= EXERCISE OBJECTIVE =
Report each line from the data below that holds the word "proof".
PROVIDED DATA START
lemma (in prob_space) expectation_diff_sq_le_moments:
  fixes h :: "real \<Rightarrow> real"
  assumes [measurable]: "random_variable borel Y" "random_variable borel Z"
    and integrable_Y: "integrable M (\<lambda>\<omega>. h (Y \<omega>))"
    and integrable_Z: "integrable M (\<lambda>\<omega>. h (Z \<omega>))"
    and growth: "\<forall>y z. \<bar>h y - h z\<bar> \<le> C * (1 + y\<^sup>2 + z\<^sup>2) * \<bar>y - z\<bar>"
  shows "ennreal (\<bar>expectation (\<lambda>\<omega>. h (Y \<omega>)) - expectation (\<lambda>\<omega>. h (Z \<omega>))\<bar>\<^sup>2)
    \<le> ennreal (3 * C\<^sup>2) * (1 + (\<integral>\<^sup>+\<omega>. \<bar>Y \<omega>\<bar> ^ 4 \<partial>M) + (\<integral>\<^sup>+\<omega>. \<bar>Z \<omega>\<bar> ^ 4 \<partial>M))
        * (\<integral>\<^sup>+\<omega>. (Y \<omega> - Z \<omega>)\<^sup>2 \<partial>M)"
proof -
  define a where "a \<omega> = 1 + (Y \<omega>)\<^sup>2 + (Z \<omega>)\<^sup>2" for \<omega>
  have [measurable]: "a \<in> borel_measurable M" unfolding a_def by measurable
  have "0 \<le> a \<omega>" for \<omega> by (simp add: a_def)
  have "0 \<le> C" using growth[rule_format, of 1 0] by simp
  have "ennreal \<bar>expectation (\<lambda>\<omega>. h (Y \<omega>)) - expectation (\<lambda>\<omega>. h (Z \<omega>))\<bar>
      \<le> (\<integral>\<^sup>+\<omega>. \<bar>h (Y \<omega>) - h (Z \<omega>)\<bar> \<partial>M)"
    using integral_norm_bound_ennreal[of M "\<lambda>\<omega>. h (Y \<omega>) - h (Z \<omega>)"] integrable_Y integrable_Z by simp
  also have "\<dots> \<le> (\<integral>\<^sup>+\<omega>. ennreal C * (ennreal (a \<omega>) * ennreal \<bar>Y \<omega> - Z \<omega>\<bar>) \<partial>M)"
  proof (intro nn_integral_mono)
    fix \<omega>
    have "ennreal \<bar>h (Y \<omega>) - h (Z \<omega>)\<bar> \<le> ennreal (C * (a \<omega> * \<bar>Y \<omega> - Z \<omega>\<bar>))"
      using growth by (intro ennreal_leI) (simp add: a_def mult.assoc)
    also have "\<dots> = ennreal C * (ennreal (a \<omega>) * ennreal \<bar>Y \<omega> - Z \<omega>\<bar>)"
      using \<open>0 \<le> C\<close> \<open>0 \<le> a \<omega>\<close> by (simp add: ennreal_mult)
    finally show "ennreal \<bar>h (Y \<omega>) - h (Z \<omega>)\<bar> \<le> ennreal C * (ennreal (a \<omega>) * ennreal \<bar>Y \<omega> - Z \<omega>\<bar>)" .
  qed
  also have "\<dots> = ennreal C * (\<integral>\<^sup>+\<omega>. ennreal (a \<omega>) * ennreal \<bar>Y \<omega> - Z \<omega>\<bar> \<partial>M)"
    by (simp add: nn_integral_cmult)
  finally have diff_le_weighted_L1: "ennreal \<bar>expectation (\<lambda>\<omega>. h (Y \<omega>)) - expectation (\<lambda>\<omega>. h (Z \<omega>))\<bar>
      \<le> ennreal C * (\<integral>\<^sup>+\<omega>. ennreal (a \<omega>) * ennreal \<bar>Y \<omega> - Z \<omega>\<bar> \<partial>M)" .
  have weight_moment: "(\<integral>\<^sup>+\<omega>. ennreal (a \<omega>) ^ 2 \<partial>M)
      \<le> ennreal 3 * (1 + (\<integral>\<^sup>+\<omega>. \<bar>Y \<omega>\<bar> ^ 4 \<partial>M) + (\<integral>\<^sup>+\<omega>. \<bar>Z \<omega>\<bar> ^ 4 \<partial>M))"
  proof -
    have "(\<integral>\<^sup>+\<omega>. ennreal (a \<omega>) ^ 2 \<partial>M)
        \<le> (\<integral>\<^sup>+\<omega>. ennreal 3 * (1 + ennreal (\<bar>Y \<omega>\<bar> ^ 4) + ennreal (\<bar>Z \<omega>\<bar> ^ 4)) \<partial>M)"
    proof (intro nn_integral_mono)
      fix \<omega>
      have "ennreal (a \<omega>) ^ 2 = ennreal ((a \<omega>)\<^sup>2)"
        using \<open>0 \<le> a \<omega>\<close> by (rule ennreal_power)
      also have "\<dots> \<le> ennreal (3 * (1 + \<bar>Y \<omega>\<bar> ^ 4 + \<bar>Z \<omega>\<bar> ^ 4))"
        unfolding a_def by (intro ennreal_leI poly_weight_sq_le)
      also have "\<dots> = ennreal 3 * (1 + ennreal (\<bar>Y \<omega>\<bar> ^ 4) + ennreal (\<bar>Z \<omega>\<bar> ^ 4))"
        by (simp add: ennreal_mult ennreal_plus)
      finally show "ennreal (a \<omega>) ^ 2 \<le> ennreal 3 * (1 + ennreal (\<bar>Y \<omega>\<bar> ^ 4) + ennreal (\<bar>Z \<omega>\<bar> ^ 4))" .
    qed
    then show ?thesis
      by (simp add: nn_integral_add nn_integral_cmult emeasure_space_1)
  qed
  have "ennreal (\<bar>expectation (\<lambda>\<omega>. h (Y \<omega>)) - expectation (\<lambda>\<omega>. h (Z \<omega>))\<bar>\<^sup>2)
      = ennreal \<bar>expectation (\<lambda>\<omega>. h (Y \<omega>)) - expectation (\<lambda>\<omega>. h (Z \<omega>))\<bar> ^ 2"
    by (simp add: ennreal_power)
  also have "\<dots> \<le> ennreal C ^ 2 * (\<integral>\<^sup>+\<omega>. ennreal (a \<omega>) * ennreal \<bar>Y \<omega> - Z \<omega>\<bar> \<partial>M) ^ 2"
    using power_mono[OF diff_le_weighted_L1, of 2] by (simp add: power_mult_distrib)
  also have "\<dots> \<le> ennreal C ^ 2 * ((\<integral>\<^sup>+\<omega>. ennreal (a \<omega>) ^ 2 \<partial>M) * (\<integral>\<^sup>+\<omega>. ennreal \<bar>Y \<omega> - Z \<omega>\<bar> ^ 2 \<partial>M))"
    by (intro mult_left_mono Cauchy_Schwarz_nn_integral) auto
  also have "\<dots> \<le> ennreal C ^ 2 * (ennreal 3 * (1 + (\<integral>\<^sup>+\<omega>. \<bar>Y \<omega>\<bar> ^ 4 \<partial>M) + (\<integral>\<^sup>+\<omega>. \<bar>Z \<omega>\<bar> ^ 4 \<partial>M))
      * (\<integral>\<^sup>+\<omega>. (Y \<omega> - Z \<omega>)\<^sup>2 \<partial>M))"
    using weight_moment by (intro mult_left_mono) (auto simp: ennreal_power intro: mult_right_mono)
  also have "\<dots> = ennreal (3 * C\<^sup>2) * (1 + (\<integral>\<^sup>+\<omega>. \<bar>Y \<omega>\<bar> ^ 4 \<partial>M) + (\<integral>\<^sup>+\<omega>. \<bar>Z \<omega>\<bar> ^ 4 \<partial>M))
      * (\<integral>\<^sup>+\<omega>. (Y \<omega> - Z \<omega>)\<^sup>2 \<partial>M)"
    using \<open>0 \<le> C\<close> by (simp add: ennreal_mult ennreal_power algebra_simps)
  finally show ?thesis .
qed

lemma bounded_4th_momentsE:
  assumes "bounded_4th_moments M X x" and "0 < T"
  obtains K where "0 \<le> K"
    and "\<And>t. 0 \<le> t \<Longrightarrow> t \<le> T \<Longrightarrow> (\<integral>\<^sup>+\<omega>. \<bar>X t \<omega>\<bar> ^ 4 \<partial>M x) \<le> ennreal K"
proof -
  define S where "S = (SUP t\<in>{0..T}. \<integral>\<^sup>+\<omega>. \<bar>X t \<omega>\<bar> ^ 4 \<partial>M x)"
  have "S < \<infinity>"
    using assms by (simp add: bounded_4th_moments_def S_def)
  then obtain K where "0 \<le> K" "S = ennreal K"
    by (cases S rule: ennreal_cases) auto
  moreover have "(\<integral>\<^sup>+\<omega>. \<bar>X t \<omega>\<bar> ^ 4 \<partial>M x) \<le> S" if "0 \<le> t" "t \<le> T" for t
    unfolding S_def using that by (intro SUP_upper) auto
  ultimately show thesis using that by auto
qed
PROVIDED DATA END
= OUTPUT FOR THIS TASK =
proof -
  proof (intro nn_integral_mono)
  proof -
    proof (intro nn_integral_mono)
proof -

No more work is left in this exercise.